Member of the Washington House of Representatives from the 12th district
- Incumbent
- Assumed office January 9, 2017 Serving with Brian Burnett
- Preceded by: Brad Hawkins

Personal details
- Born: 1982 (age 43–44) Chelan, Washington, U.S.
- Party: Republican
- Alma mater: Pacific Lutheran University (BA)
- Website: Official

= Mike Steele (Washington politician) =

American politician from Washington

Michael A. Steele (born 1982) is an American politician of the Republican Party. He is a member of the Washington House of Representatives, representing the 12th Legislative District since first being elected in 2017. He previously served on the White House staff during the George W. Bush administration as a member of the Political Affairs Team.

==Early life and career==
Steele was born and raised in Chelan, Washington. After graduating from Pacific Lutheran University, he served on the White House staff as a member of the Political Affairs Team during the George W. Bush administration and as a staff member for the Washington House of Representatives Republican Caucus.
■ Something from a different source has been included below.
(* Let $Q$ be a connected quiver of rank $3$ with at least one frozen vertex whose mutable part is mutation-abundant, and let $\mathbf M$ be an infinite reduced weakly balanced mutation sequence. Then there is $i$ such that $Q^{(j)}_{\mathbf M}$ is sign-coherent for all $j>i$.
   Context: A quiver is a finite directed multigraph with no loops and no oriented 2-cycles, whose vertex set is partitioned into mutable and frozen vertices; arrows between two frozen vertices are ignored. Mutation $\mu_j$ at mutable $j$: for each path $i\to j\to k$ with $a$ arrows $i\to j$ and $b$ arrows $j\to k$ add $ab$ arrows $i\to k$, reverse all arrows at $j$, cancel 2-cycles. A mutation sequence $\mathbf M=m_1m_2\cdots$ has $Q^{(0)}_{\mathbf M}=Q$, $Q^{(i)}_{\mathbf M}=\mu_{m_i}(Q^{(i-1)}_{\mathbf M})$; reduced means $m_i\ne m_{i+1}$, weakly balanced means every mutable vertex occurs infinitely often. Connected: the mutable part is connected as an undirected graph and every frozen vertex is adjacent to some mutable vertex. A quiver without frozen vertices is mutation-abundant if every quiver mutation-equivalent to it has at least 2 arrows between every pair of vertices. A mutable vertex adjacent to at least one frozen vertex is red (resp. green) if all arrows between it and frozen vertices point towards (resp. away from) it; a quiver is sign-coherent if every mutable vertex is red or green. *)

theory Defs
  imports Main
begin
He is the executive director of the Lake Chelan Chamber of Commerce.

==Political career==
Steele served on the Chelan, Washington city council from 2012 to 2016. He ran for the state legislature following the announcement that Brad Hawkins would run for the State Senate. Steele won in 2016 with 60% of the vote over Republican Jerry Paine.

== Awards ==
- 2020 Guardians of Small Business. Presented by NFIB.